Better control flow of molten solid ink may be provided by a solid ink valve system that may include a valve plate with one or more valve port, an umbilical connector, and a valve positioned between the valve plate and the umbilical connector and connected to the at least one valve port. Ink flow between the valve plate and the umbilical connector may be asynchronously regulated by actuating the valve.

The valve may be actuated by heating and cooling the valve, by applying electric current to a coil that surrounds a valve element of the valve and to a wire provided in the valve element for heating solid ink, or by asynchronously actuating a valve mechanism that is associated with the valve port.

These and other features and advantages are described in or are apparent from the following detailed description of various exemplary embodiments.

Exemplary embodiments are described in detail, with reference to the following figures in which like reference numerals refer to like elements, and wherein:

FIG. 1 is a schematic diagram of an exemplary phase change ink image producing machine;

FIG. 2 is a perspective view of an exemplary phase change ink melting and control assembly;

FIG. 3 is a perspective expanded view of the rear side of the exemplary phase change ink melting and control assembly attached with a valve system according to an exemplary embodiment;

FIG. 4 is an exemplary valve system according to the first exemplary embodiment;

FIG. 5 is a perspective view of a valve according to the first exemplary embodiment;

FIG. 6 is a flow chart explaining the control of the valve according to the first exemplary embodiment;

FIG. 7 is a schematic diagram of a valve according to the second exemplary embodiment;

FIG. 8 is a flow chart explaining the control of the valve according to the second exemplary embodiment;

FIG. 9 is a front side of a valve plate of a valve according to the third embodiment;

FIG. 10 is a back side of the valve plate of the valve according to the third embodiment;

FIG. 11 is a rear side of the third exemplary phase change ink melting and control assembly attached with a valve system according to the third exemplary embodiment;

FIG. 12 is a perspective view of the valve system according to the third exemplary embodiment;

FIG. 13 is a perspective view of a valve element and a retainer of the valve according to the third exemplary embodiment;

FIG. 14 is a perspective view of cams of the valve according to the third exemplary embodiment; and

FIG. 15 is a flow chart explaining the control of the valve according to the third exemplary embodiment.
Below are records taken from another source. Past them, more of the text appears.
lemma lp_optimal_pair_iff_equal_values:
  fixes M :: "real^'n^'k" and B :: "real^'n^'m"
  shows "is_arg_min (\<lambda>X. P \<bullet> X) (lp_primal_feasible M B C R) xs
      \<and> is_arg_max (\<lambda>(L, V). C \<bullet> L - R \<bullet> V) (\<lambda>(L, V). lp_dual_feasible M B P L V) (lams, vs)
    \<longleftrightarrow> lp_primal_feasible M B C R xs \<and> lp_dual_feasible M B P lams vs
      \<and> P \<bullet> xs = C \<bullet> lams - R \<bullet> vs"
    (is "?optimal \<longleftrightarrow> ?primal \<and> ?dual \<and> _")
proof
  assume opt: ?optimal
  then have ?primal ?dual
    by (simp_all add: is_arg_min_def is_arg_max_def)
  moreover obtain L V where "lp_dual_feasible M B P L V" "P \<bullet> xs \<le> C \<bullet> L - R \<bullet> V"
    using lp_strong_duality opt by blast
  moreover have "C \<bullet> L - R \<bullet> V \<le> C \<bullet> lams - R \<bullet> vs" if "lp_dual_feasible M B P L V" for L V
    using opt that by (auto simp: is_arg_max_def not_less)
  ultimately show "?primal \<and> ?dual \<and> P \<bullet> xs = C \<bullet> lams - R \<bullet> vs"
    using lp_weak_duality by (metis order_antisym order_trans)
next
  assume "?primal \<and> ?dual \<and> P \<bullet> xs = C \<bullet> lams - R \<bullet> vs"
  then show ?optimal
    using lp_weak_duality unfolding is_arg_min_def is_arg_max_def
    by (fastforce simp: not_less)
qed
The following detailed description describes exemplary embodiments of apparatus, methods and systems for asynchronously regulating flow of molten solid ink. For the sake of clarity and familiarity, specific examples of electrical and/or mechanical devices are provided. However, it should be appreciated that the details and principles described herein may be equally applied to other electrical and/mechanical devices as well.

FIG. 1 shows an exemplary phase change ink image producing machine 10, such as a photocopy machine, a single or multi-function printer, and the like. The machine 10 includes a frame 11 to which may be mounted, directly or indirectly all operating subsystems and components. The phase change ink image producing machine or printer 10 includes an imaging member 12 that may be in a form of a drum, an endless belt or the like. The imaging member 12 may have an imaging surface 14 that may be movable in the direction 16, and on which phase change ink images may be formed.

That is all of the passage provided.